Вытащив из‑за пазухи жемчужное ожерелье, юноша спрятал его в углубление в боку пня и тщательно прикрыл мхом. Ну, все… Теперь надобно ждать грозы… А между прочим, через три – нет, уже через два – дня уезжать. Черт… Как и проверить‑то? Разве что, потом, через месяцок‑другой, сюда же вернуться. А и вернуться! Подрядиться отвезти выкуп за Ванькиного батюшку! Ну, не одному, с кем‑нибудь… Елец‑то как раз по пути будет. А за месяц – уж всяко – хоть одна гроза да будет, эвон, как парит!

Лешка нагнал своих уже на выходе из леса. Просто шел эдак, не спеша, приглядывался.
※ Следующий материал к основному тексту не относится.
(* Let $\hat\mu_i(\mathbf O_{i-1}):\mathbb X\times\mathbb A\to\mathbb R$, $i\in[n]$, be any estimates of $\mu^*$ such that $\hat\mu_i$ depends measurably only on $\mathbf O_{i-1}$. Define the AIPW scores $$\hat\Gamma_i(\mathbf O_i):=\frac{g(X_i,A_i)}{\pi_i^*(X_i,\mathbf O_{i-1};A_i)}\{Y_i-\hat\mu_i(\mathbf O_{i-1})(X_i,A_i)\}+\langle g(X_i,\cdot),\hat\mu_i(\mathbf O_{i-1})(X_i,\cdot)\rangle_{\lambda_{\mathbb A}}$$ and the AIPW estimator $\hat\tau_n^{\mathrm{AIPW}}(\mathbf O_n):=\frac1n\sum_{i=1}^n\hat\Gamma_i(\mathbf O_i)$. Then $$\mathbb E_{\mathcal I^*}\big[\{\hat\tau_n^{\mathrm{AIPW}}(\mathbf O_n)-\tau(\mathcal I^* )\}^2\big]\le\frac1n\Big\{v_*^2+\frac1n\sum_{i=1}^n\mathbb E_{\mathcal I^*}\Big[\frac{g^2(X_i,A_i)\{\hat\mu_i(\mathbf O_{i-1})(X_i,A_i)-\mu^*(X_i,A_i)\}^2}{(\pi_i^* )^2(X_i,\mathbf O_{i-1};A_i)}\Big]\Big\}.$$
   Context: Setup. Let $(\mathbb X,\lambda_{\mathbb X})$, $(\mathbb A,\lambda_{\mathbb A})$, $(\mathbb Y,\lambda_{\mathbb Y})$ be measurable spaces with $\sigma$-finite measures, $\mathbb Y\subseteq\mathbb R$, and $\mathbb O:=\mathbb X\times\mathbb A\times\mathbb Y$. A problem instance is a pair $\mathcal I=(\Xi,\Gamma)$ where $\Xi$ is a probability measure on $\mathbb X$ and $\Gamma$ is a Markov kernel from $\mathbb X\times\mathbb A$ to $\mathbb Y$. For each $i\in[n]$ a known behavioral policy $\Pi_i^*$ is a Markov kernel from $\mathbb X\times\mathbb O^{i-1}$ to $\mathbb A$ with density $\pi_i^*(x,\mathbf o_{i-1};\cdot):=d\Pi_i^*(\cdot\mid x,\mathbf o_{i-1})/d\lambda_{\mathbb A}$. Under instance $\mathcal I$, data $\mathbf O_n=(X_1,A_1,Y_1,\dots,X_n,A_n,Y_n)$ are generated sequentially: for $i=1,\dots,n$, $X_i\sim\Xi$ independently of $\mathbf O_{i-1}$; $A_i\mid(X_i,\mathbf O_{i-1})\sim\Pi_i^*(\cdot\mid X_i,\mathbf O_{i-1})$; $Y_i\mid(X_i,A_i,\mathbf O_{i-1})\sim\Gamma(\cdot\mid X_i,A_i)$. Here $\mathbf O_i$ denotes the first $i$ triples ($\mathbf O_0=\varnothing$) and $\mathcal H_i:=\sigma(\mathbf O_i)$. $\mathbb E_{\mathcal I}$, $\mathrm{Var}_{\mathcal I}$ denote expectation/variance under this law. The true instance is $\mathcal I^*=(\Xi^*,\Gamma^* )$, with treatment effect $\mu^*(x,a):=\int y\,\Gamma^*(dy\mid x,a)$ and conditional variance $\sigma^2(x,a):=\int(y-\mu^*(x,a))^2\Gamma^*(dy\mid x,a)<\infty$. A measurable evaluation function $g:\mathbb X\times\mathbb A\to\mathbb R$ is given; $\langle f,h\rangle_{\lambda_{\mathbb A}}:=\int_{\mathbb A}f(a)h(a)\,d\lambda_{\mathbb A}(a)$. The target is $\tau(\mathcal I^* ):=\mathbb E_{X\sim\Xi^*}[\langle g(X,\cdot),\mu^*(X,\cdot)\rangle_{\lambda_{\mathbb A}}]$. For $\varphi:\mathbb X\times\mathbb A\to\mathbb R$ and $k\in[n]$, $\|\varphi\|_{(k)}^2:=\frac1k\sum_{i=1}^k\mathbb E_{\mathcal I^*}\big[g^2(X_i,A_i)\varphi^2(X_i,A_i)/(\pi_i^* )^2(X_i,\mathbf O_{i-1};A_i)\big]$. The efficient variance is $v_*^2:=\mathrm{Var}_{X\sim\Xi^*}[\langle g(X,\cdot),\mu^*(X,\cdot)\rangle_{\lambda_{\mathbb A}}]+\|\sigma\|_{(n)}^2$. All expectations appearing are assumed finite. *)

theory Defs
  imports "HOL-Probability.Probability"
begin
Многое замечал, чего раньше не видел. Вот, к примеру, поваленные на дорогу деревья – между прочим, спиленные. Значит, не ветром повалило… И, скорее всего, не далее, как нынешней ночью…

– Ну как? – усмехнулся Ваня. – Полегчало?

– Твоими молитвами. – Лешка вздохнул и тут же улыбнулся. Вытащил из ножен новую саблю, с силой махнул в воздухе…

– Ухх! Хороша штучка!

– А тятенька всегда меч предпочитал.

– Меч, конечно, тоже ничего, – согласился юноша. – Одно плохо – тяжеловат больно, с особыми вывертами не помахаешь. Иное дело – сабля!

Лешка еще раз взмахнул клинком: вжик!

Даже староста Епифан оглянулся:

– Ты что это, Алексий, саблюкой машешь?

– Комаров бью! – на полном серьезе отозвался юноша. – Двоих уже зарубил. Прямо – напополам.

Ополченцы захохотали.

Хорошо им всем сейчас было, счастливо. А ведь, когда давеча в бой собирались, многие смурными ходили, молилися… Вот уж, не знаешь, где найдешь, а где потеряешь. Что и говорить – нашли‑то многонько, на всех хватило.

Впрочем, нет, пока – не на всех. Есть еще одна зловредная бабка на красной «Таврии»…

– Ну, парит как! – Епифан тяжело утер со лба пот. – Как бы грозы к вечеру не нагнало.

Сказал – и как сглазил. После полудня уже в небе стали собираться тучи. Сначала небольшие такие, палевые… А потом – глядь‑поглядь – и засверкала серебристо‑синею чешуей огроменная угрожающе‑мрачная туча.